The corrosion of copper by oxidation on exposure to the air takes place very slowly, the metal becoming soon coated with a skin of carbonate commonly called "verdigris," though that name is correctly applied to a basic acetate of copper. This familiar film on the surface of exposed copper constitutes a protection against further oxidation. The action of salt water on copper which is also accessible to the air is rapid, but may be in some degree modified by alloying a small proportion of phosphorus with the metal. Dr. Percy has made the remark that for more than a century European metallurgists have been familiar with small thin bars of cast copper, of Japanese manufacture, which present a beautiful rose-coloured tint, due to an extremely thin and pertinaciously adherent film of red oxide of copper, or cuprous oxide. This tint is not in the least degree affected by free exposure of the bars to the atmosphere. He has had such bars in his possession for more than 30 years, and although they have been freely exposed to the atmosphere during the whole of that period, yet they hare not undergone the least change in appearance. Every one knows that when a piece of ordinary copper is exposed to the atmosphere, it speedily acquires a dark-coloured tarnish.
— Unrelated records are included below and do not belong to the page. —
(* Let $P_1\subseteq P_2$ be meet semilattices with $0$ such that $P_1\subseteq P_2$ preserves finite covers. Suppose that for every $x\in P_2$ such that some element of $P_1$ is $\ge x$, there exist $y\in P_1$ with $x\le y$ and a finite set $\{y_1,\dots,y_n\}\subseteq P_1$ with $y_i\le y$ and $y_i\wedge x=0$ for all $i$, such that $\{y_1,\dots,y_n,x\}$ is a finite cover of $y$ in $P_2$. Then $P_1\subseteq P_2$ is tight, i.e. the image of the injective generalized Boolean algebra morphism $\mathcal T_c(P_1)\hookrightarrow\mathcal T_c(P_2)$, $U\mapsto re^{-1}(U)$, is an ideal of $\mathcal T_c(P_2)$.
   Context: A meet semilattice with $0$ is a meet semilattice with least element $0$; $P_1\subseteq P_2$ means an injective meet- and $0$-preserving map identifying $P_1$ with a subset of $P_2$. A filter of $P$ is a subset $F$ with $\emptyset\ne F\ne P$, closed upwards and under $\wedge$; $F(P)$ has the topology generated by $U_x=\{F:x\in F\}$, with basis of compact open sets $U_{(x:x_1,\dots,x_n)}=\{F:x\in F,\ x_1,\dots,x_n\notin F\}$. The tight filters $T(P)$ are the closure of the ultrafilters (maximal filters) in $F(P)$; $V^P_{(x:x_1,\dots,x_n)}=U_{(x:x_1,\dots,x_n)}\cap T(P)$, $V^P_x=V^P_{(x:)}$. $\mathcal T_c(P)$ is the generalized Boolean algebra of compact open subsets of the Hausdorff space $T(P)$. A finite cover of $x\in P$ is a finite set of elements $\le x$ such that every $0\ne y\le x$ meets one of them nontrivially. $P_1\subseteq P_2$ preserves finite covers if every finite cover in $P_1$ of $x\in P_1$ is a finite cover of $x$ in $P_2$; in that case $re:\xi\mapsto\xi\cap P_1$ is a partial map $T(P_2)\dashrightarrow T(P_1)$ (defined when $\xi\cap P_1\ne\emptyset$), and $U\mapsto re^{-1}(U)$ is an injective generalized Boolean algebra morphism $\mathcal T_c(P_1)\to\mathcal T_c(P_2)$ sending $V^{P_1}_{(x:x_1,\dots,x_n)}\mapsto V^{P_2}_{(x:x_1,\dots,x_n)}$. An ideal of a generalized Boolean algebra $\mathcal B$ is a subset closed under joins and under meets with arbitrary elements of $\mathcal B$. *)

theory Defs
  imports "HOL-Analysis.Analysis"
begin
lemma budget_schedule_insert:
  fixes d :: "real \<Rightarrow> real"
  assumes schedule: "budget_schedule F P c T (\<lambda>t. d t - band (P k) a (d t)) r" and "k \<notin> F"
    and "finite F" "0 \<le> P k" and [measurable]: "d \<in> borel_measurable borel"
    and band_energy: "(\<integral>t. indicator {0..T} t * band (P k) a (d t) \<partial>lborel) \<le> c k"
  shows "budget_schedule (insert k F) P c T d (r(k := (\<lambda>t. band (P k) a (d t))))"
proof -
  define r' where "r' = r(k := (\<lambda>t. band (P k) a (d t)))"
  have sum_r': "(\<Sum>i\<in>insert k F. r' i t) = band (P k) a (d t) + (\<Sum>i\<in>F. r i t)" for t
  proof -
    have "(\<Sum>i\<in>F. r' i t) = (\<Sum>i\<in>F. r i t)"
      using \<open>k \<notin> F\<close> by (intro sum.cong) (auto simp: r'_def)
    then show ?thesis
      unfolding sum.insert[OF \<open>finite F\<close> \<open>k \<notin> F\<close>] by (simp add: r'_def)
  qed
  have "budget_schedule (insert k F) P c T d r'"
    unfolding budget_schedule_def sum_r'
  proof (intro conjI)
    show "\<forall>i\<in>insert k F. r' i \<in> borel_measurable borel \<and> (\<forall>t. 0 \<le> r' i t \<and> r' i t \<le> P i)
        \<and> (\<integral>t. indicator {0..T} t * r' i t \<partial>lborel) \<le> c i"
      using schedule band_energy band_nonneg[OF \<open>0 \<le> P k\<close>] band_le_height
      unfolding budget_schedule_def r'_def by auto
    show "\<forall>t. band (P k) a (d t) + (\<Sum>i\<in>F. r i t) \<le> d t"
      using schedule unfolding budget_schedule_def by (simp add: le_diff_eq add.commute)
    show "AE t in lborel. t \<in> {0..T} \<longrightarrow> band (P k) a (d t) + (\<Sum>i\<in>F. r i t) = d t"
      using schedule unfolding budget_schedule_def by (elim conjE AE_mp) (auto intro!: AE_I2)
  qed
  then show ?thesis unfolding r'_def .
qed

lemma budget_schedule_exists:
  fixes S :: "'a set" and P c :: "'a \<Rightarrow> real" and d :: "real \<Rightarrow> real"
  assumes "finite S" "\<forall>i\<in>S. 0 \<le> P i" "0 \<le> T"
    and "d \<in> borel_measurable borel" "\<And>t. 0 \<le> d t \<and> d t \<le> D" "mono_on {0..T} d"
    and "energy_feasible S P c T d"
  shows "\<exists>r. budget_schedule S P c T d r"
  using assms
proof (induction S arbitrary: d rule: finite_induct)
  case empty
  then show ?case using budget_schedule_empty by blast
next
  case (insert k F)
  note [measurable] = \<open>d \<in> borel_measurable borel\<close>
  have "0 \<le> P k" using insert.prems by simp
  have "0 \<le> c k"
    using energy_feasible_budget_nonneg[OF insert.prems(6)] by simp
  obtain a where "0 \<le> a" and band_energy: "(\<integral>t. indicator {0..T} t * band (P k) a (d t) \<partial>lborel) \<le> c k"
    and offset: "a = 0 \<or> (\<integral>t. indicator {0..T} t * band (P k) a (d t) \<partial>lborel) = c k"
    using band_offset_exists[where d=d and Q="P k" and c="c k", OF _ insert.prems(4)]
      \<open>0 \<le> P k\<close> \<open>0 \<le> T\<close> \<open>0 \<le> c k\<close> by auto
  define d' where "d' = (\<lambda>t. d t - band (P k) a (d t))"
  have "d' \<in> borel_measurable borel" unfolding d'_def by measurable
  moreover have "0 \<le> d' t \<and> d' t \<le> D" for t
    using band_le[OF \<open>0 \<le> a\<close>] band_nonneg[OF \<open>0 \<le> P k\<close>] insert.prems(4)[of t]
    unfolding d'_def by (smt (verit))
  moreover have "mono_on {0..T} d'"
    using insert.prems(5) band_residual_mono unfolding d'_def mono_on_def by blast
  moreover have "energy_feasible F P c T d'"
    unfolding d'_def
    by (rule energy_feasible_residual[where d=d,
          OF insert.prems(6) insert.hyps insert.prems(1,3,4) offset])
  ultimately obtain r where "budget_schedule F P c T d' r"
    using insert.IH insert.prems(1,2) by blast
  then have "budget_schedule (insert k F) P c T d (r(k := (\<lambda>t. band (P k) a (d t))))"
    using budget_schedule_insert[of F P c T d k a r] insert.hyps \<open>0 \<le> P k\<close> band_energy
      \<open>d \<in> borel_measurable borel\<close> unfolding d'_def by blast
  then show ?case by blast
qed

lemma mono_on_superlevel_set:
  fixes d :: "real \<Rightarrow> real"
  assumes mono: "mono_on {0..T} d" and "0 \<le> T"
  obtains \<tau> where "0 \<le> \<tau>" "\<tau> \<le> T" "\<And>t. t \<in> {0..T} \<Longrightarrow> t \<noteq> \<tau> \<Longrightarrow> q < d t \<longleftrightarrow> \<tau> < t"
proof (cases "\<exists>s\<in>{0..T}. q < d s")
  case False
  then show ?thesis using that[of T] \<open>0 \<le> T\<close> by auto
next
  case True
  define J where "J = {s \<in> {0..T}. q < d s}"
  have "J \<noteq> {}" and bdd: "bdd_below J"
    using True unfolding J_def by (auto intro: bdd_belowI[of _ 0])
  show ?thesis
  proof (rule that[of "Inf J"])
    show "0 \<le> Inf J" using \<open>J \<noteq> {}\<close> by (intro cInf_greatest) (auto simp: J_def)
    show "Inf J \<le> T" using True cInf_lower[OF _ bdd] unfolding J_def by force
    fix t assume t: "t \<in> {0..T}" "t \<noteq> Inf J"
    show "q < d t \<longleftrightarrow> Inf J < t"
    proof
      assume "q < d t"
      then show "Inf J < t" using cInf_lower[OF _ bdd, of t] t unfolding J_def by force
    next
      assume "Inf J < t"
      then obtain s where "s \<in> J" "s < t" using cInf_less_iff[OF \<open>J \<noteq> {}\<close> bdd] by auto
      then show "q < d t"
        using mono_onD[OF mono, of s t] t unfolding J_def by force
    qed
  qed
qed

lemma gross_draw_le_sum_plus_power:
  fixes S A :: "'a set" and eta P :: "'a \<Rightarrow> real"
  assumes "finite S" "A \<subseteq> S" "\<forall>i\<in>S. 0 < eta i \<and> eta i \<le> 1 \<and> 0 \<le> P i" "\<forall>i\<in>S. r i t \<le> P i"
  shows "gross_draw S eta r t \<le> (\<Sum>i\<in>A. r i t) + sum P (S - A)"
proof -
  let ?g = "\<lambda>i. if 0 \<le> r i t then r i t else r i t / eta i"
  have "gross_draw S eta r t = (\<Sum>i\<in>A. ?g i) + (\<Sum>i\<in>S - A. ?g i)"
    unfolding gross_draw_def by (simp add: sum.subset_diff[OF assms(2,1)])
  also have "(\<Sum>i\<in>A. ?g i) \<le> (\<Sum>i\<in>A. r i t)"
  proof (rule sum_mono)
    fix i assume "i \<in> A"
    then have "0 < eta i" "eta i \<le> 1" using assms by auto
    then show "?g i \<le> r i t"
      by (auto simp: divide_le_eq mult_le_cancel_left2 mult.commute)
  qed
  also have "(\<Sum>i\<in>S - A. ?g i) \<le> sum P (S - A)"
  proof (rule sum_mono)
    fix i assume "i \<in> S - A"
    then have "0 < eta i" "0 \<le> P i" "r i t \<le> P i" using assms by auto
    moreover have "r i t / eta i \<le> 0" if "r i t < 0"
      using that \<open>0 < eta i\<close> by (simp add: divide_nonpos_pos)
    ultimately show "?g i \<le> P i" by auto
  qed
  finally show ?thesis by simp
qed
Hence the conclusion that there is some peculiarity on* the surface of the Japanese copper, which protects the underlying metal from atmospheric action, and that peculiarity, it may be demonstrated, is the presence of a film of cuprous oxide, in a particular physical state, which acts like varnish. The bars of Japanese copper are actually cast under water, the metal and the water, previously heated to a certain degree, being poured at a high temperature. When copper is so cast, under suitable conditions of temperature, it acquires a coating of cuprous oxide, which acts in the manner described. The temperature is such that the so-called spheroidal action of water comes into play, and the metal flows, tranquilly under the water. The superficial oxidation is probably due to the action of a film of steam, which there is reason to believe surrounds the copper under these conditions; and when copper is heated to a high temperature in steam, the latter, as shown by Regnault's experiments, is decomposed, with the evolution of hydrogen, and the formation of cuprous oxide.